● Task goal:
From the line containing "section \<open>Poisson tails" down to the line containing "has_real_derivative - erlang_density" in the records below, reproduce every line exactly, ends included, and omit all others.

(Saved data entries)
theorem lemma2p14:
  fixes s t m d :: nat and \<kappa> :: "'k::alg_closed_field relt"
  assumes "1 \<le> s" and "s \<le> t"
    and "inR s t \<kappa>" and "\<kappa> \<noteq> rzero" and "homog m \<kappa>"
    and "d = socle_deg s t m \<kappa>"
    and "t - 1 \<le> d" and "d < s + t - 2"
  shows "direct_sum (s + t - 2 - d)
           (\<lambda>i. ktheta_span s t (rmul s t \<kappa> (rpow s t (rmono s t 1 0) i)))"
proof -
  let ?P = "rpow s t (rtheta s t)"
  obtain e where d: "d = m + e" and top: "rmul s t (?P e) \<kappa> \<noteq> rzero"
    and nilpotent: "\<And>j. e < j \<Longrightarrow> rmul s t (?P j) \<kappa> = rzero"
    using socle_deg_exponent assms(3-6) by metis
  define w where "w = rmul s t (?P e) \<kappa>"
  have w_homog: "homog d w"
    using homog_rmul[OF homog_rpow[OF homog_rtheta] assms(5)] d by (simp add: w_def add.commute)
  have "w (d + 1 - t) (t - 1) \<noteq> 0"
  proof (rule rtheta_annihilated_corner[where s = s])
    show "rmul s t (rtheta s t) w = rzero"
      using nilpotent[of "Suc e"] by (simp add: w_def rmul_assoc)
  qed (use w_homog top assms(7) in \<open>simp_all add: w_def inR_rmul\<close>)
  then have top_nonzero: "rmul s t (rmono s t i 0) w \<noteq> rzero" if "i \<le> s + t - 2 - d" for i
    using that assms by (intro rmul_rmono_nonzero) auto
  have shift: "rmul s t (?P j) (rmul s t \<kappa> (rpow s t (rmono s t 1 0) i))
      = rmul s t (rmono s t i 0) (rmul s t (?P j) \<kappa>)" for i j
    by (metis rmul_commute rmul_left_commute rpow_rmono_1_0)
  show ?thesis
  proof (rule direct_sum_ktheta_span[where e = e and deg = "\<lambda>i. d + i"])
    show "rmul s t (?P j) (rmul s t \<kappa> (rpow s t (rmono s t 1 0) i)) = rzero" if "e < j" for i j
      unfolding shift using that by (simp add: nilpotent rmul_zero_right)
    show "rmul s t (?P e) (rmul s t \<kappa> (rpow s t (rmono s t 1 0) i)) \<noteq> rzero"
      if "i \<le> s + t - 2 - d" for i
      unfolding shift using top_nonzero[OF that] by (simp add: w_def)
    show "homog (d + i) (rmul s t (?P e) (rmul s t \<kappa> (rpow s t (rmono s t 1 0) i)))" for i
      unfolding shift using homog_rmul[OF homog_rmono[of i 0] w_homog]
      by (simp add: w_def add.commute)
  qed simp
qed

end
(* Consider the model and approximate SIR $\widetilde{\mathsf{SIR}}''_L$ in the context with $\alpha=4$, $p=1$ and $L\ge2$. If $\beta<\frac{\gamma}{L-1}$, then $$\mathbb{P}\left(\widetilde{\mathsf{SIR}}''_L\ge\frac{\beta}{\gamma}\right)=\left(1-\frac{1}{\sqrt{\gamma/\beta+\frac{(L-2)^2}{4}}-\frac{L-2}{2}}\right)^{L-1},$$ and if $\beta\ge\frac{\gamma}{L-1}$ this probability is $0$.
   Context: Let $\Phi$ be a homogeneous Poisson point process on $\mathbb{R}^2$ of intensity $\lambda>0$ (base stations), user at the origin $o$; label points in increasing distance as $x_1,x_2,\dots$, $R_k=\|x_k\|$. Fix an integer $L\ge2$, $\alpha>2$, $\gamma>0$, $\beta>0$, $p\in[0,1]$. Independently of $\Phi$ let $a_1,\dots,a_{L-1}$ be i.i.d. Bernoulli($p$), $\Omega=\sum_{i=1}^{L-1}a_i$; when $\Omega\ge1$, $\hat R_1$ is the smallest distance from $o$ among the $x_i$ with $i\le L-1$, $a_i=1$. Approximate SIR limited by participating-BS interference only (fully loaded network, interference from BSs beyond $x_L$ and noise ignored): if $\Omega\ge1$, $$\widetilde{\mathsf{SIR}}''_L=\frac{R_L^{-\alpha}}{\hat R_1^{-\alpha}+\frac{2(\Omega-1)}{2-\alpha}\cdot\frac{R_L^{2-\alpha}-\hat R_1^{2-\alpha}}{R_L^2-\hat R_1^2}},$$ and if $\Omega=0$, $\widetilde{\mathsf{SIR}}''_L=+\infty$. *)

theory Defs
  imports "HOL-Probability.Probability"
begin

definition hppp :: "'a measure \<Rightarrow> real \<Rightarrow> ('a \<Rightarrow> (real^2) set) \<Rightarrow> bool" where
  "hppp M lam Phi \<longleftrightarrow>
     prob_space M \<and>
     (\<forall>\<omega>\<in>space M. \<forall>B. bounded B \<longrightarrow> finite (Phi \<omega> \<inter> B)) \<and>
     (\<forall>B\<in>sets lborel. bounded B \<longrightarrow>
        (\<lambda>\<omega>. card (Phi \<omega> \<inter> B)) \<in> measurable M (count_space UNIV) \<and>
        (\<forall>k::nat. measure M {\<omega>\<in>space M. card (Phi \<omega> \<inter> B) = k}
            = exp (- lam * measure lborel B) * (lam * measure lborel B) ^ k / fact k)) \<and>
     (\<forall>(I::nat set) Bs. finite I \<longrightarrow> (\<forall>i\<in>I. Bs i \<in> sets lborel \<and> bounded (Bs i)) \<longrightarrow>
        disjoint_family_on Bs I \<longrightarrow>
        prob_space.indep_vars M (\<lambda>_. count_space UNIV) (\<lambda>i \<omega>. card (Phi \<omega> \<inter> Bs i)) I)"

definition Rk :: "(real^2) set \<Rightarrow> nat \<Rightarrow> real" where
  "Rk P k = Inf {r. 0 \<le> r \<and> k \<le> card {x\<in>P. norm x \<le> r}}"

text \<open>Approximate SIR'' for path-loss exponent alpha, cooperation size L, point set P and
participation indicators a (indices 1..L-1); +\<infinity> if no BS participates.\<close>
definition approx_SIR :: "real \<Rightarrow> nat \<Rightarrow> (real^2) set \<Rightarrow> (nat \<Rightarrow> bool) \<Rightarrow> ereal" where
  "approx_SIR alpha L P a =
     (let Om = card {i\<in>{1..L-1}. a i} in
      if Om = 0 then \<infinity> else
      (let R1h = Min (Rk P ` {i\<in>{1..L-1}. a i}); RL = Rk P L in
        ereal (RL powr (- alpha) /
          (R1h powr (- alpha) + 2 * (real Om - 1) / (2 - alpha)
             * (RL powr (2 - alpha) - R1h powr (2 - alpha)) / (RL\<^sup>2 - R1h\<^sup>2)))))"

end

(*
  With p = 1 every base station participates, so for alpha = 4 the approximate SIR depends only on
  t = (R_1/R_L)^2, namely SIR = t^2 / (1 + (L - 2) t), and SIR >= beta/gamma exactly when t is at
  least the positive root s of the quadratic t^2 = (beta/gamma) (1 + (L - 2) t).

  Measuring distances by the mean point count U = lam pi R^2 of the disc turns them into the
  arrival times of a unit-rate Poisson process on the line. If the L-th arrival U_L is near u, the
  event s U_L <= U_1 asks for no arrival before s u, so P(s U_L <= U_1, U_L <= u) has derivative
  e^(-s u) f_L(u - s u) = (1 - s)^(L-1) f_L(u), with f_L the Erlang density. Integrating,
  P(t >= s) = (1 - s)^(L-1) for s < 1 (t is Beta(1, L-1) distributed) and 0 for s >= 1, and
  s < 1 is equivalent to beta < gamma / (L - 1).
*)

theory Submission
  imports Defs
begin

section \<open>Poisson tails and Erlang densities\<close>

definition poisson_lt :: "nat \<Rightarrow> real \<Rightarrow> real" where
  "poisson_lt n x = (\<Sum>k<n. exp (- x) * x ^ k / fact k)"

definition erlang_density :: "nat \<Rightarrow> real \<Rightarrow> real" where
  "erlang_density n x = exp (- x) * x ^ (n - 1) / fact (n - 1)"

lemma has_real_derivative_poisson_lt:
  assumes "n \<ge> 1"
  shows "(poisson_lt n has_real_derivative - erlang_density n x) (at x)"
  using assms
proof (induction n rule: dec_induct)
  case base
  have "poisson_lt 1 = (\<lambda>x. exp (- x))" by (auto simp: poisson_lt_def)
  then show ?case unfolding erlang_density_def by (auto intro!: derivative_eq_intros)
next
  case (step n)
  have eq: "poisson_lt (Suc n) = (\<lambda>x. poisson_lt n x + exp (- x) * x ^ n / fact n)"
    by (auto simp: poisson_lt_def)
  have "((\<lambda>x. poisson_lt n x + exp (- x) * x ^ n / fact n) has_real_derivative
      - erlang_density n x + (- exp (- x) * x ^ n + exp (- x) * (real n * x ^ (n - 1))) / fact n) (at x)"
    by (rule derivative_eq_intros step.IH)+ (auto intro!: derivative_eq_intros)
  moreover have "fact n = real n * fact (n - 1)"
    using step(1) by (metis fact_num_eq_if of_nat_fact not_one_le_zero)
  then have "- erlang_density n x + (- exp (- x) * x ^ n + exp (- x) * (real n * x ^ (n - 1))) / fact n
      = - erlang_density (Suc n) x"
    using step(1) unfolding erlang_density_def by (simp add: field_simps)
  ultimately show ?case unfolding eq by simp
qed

● Exercise answer:
section \<open>Poisson tails and Erlang densities\<close>

definition poisson_lt :: "nat \<Rightarrow> real \<Rightarrow> real" where
  "poisson_lt n x = (\<Sum>k<n. exp (- x) * x ^ k / fact k)"

definition erlang_density :: "nat \<Rightarrow> real \<Rightarrow> real" where
  "erlang_density n x = exp (- x) * x ^ (n - 1) / fact (n - 1)"

lemma has_real_derivative_poisson_lt:
  assumes "n \<ge> 1"
  shows "(poisson_lt n has_real_derivative - erlang_density n x) (at x)"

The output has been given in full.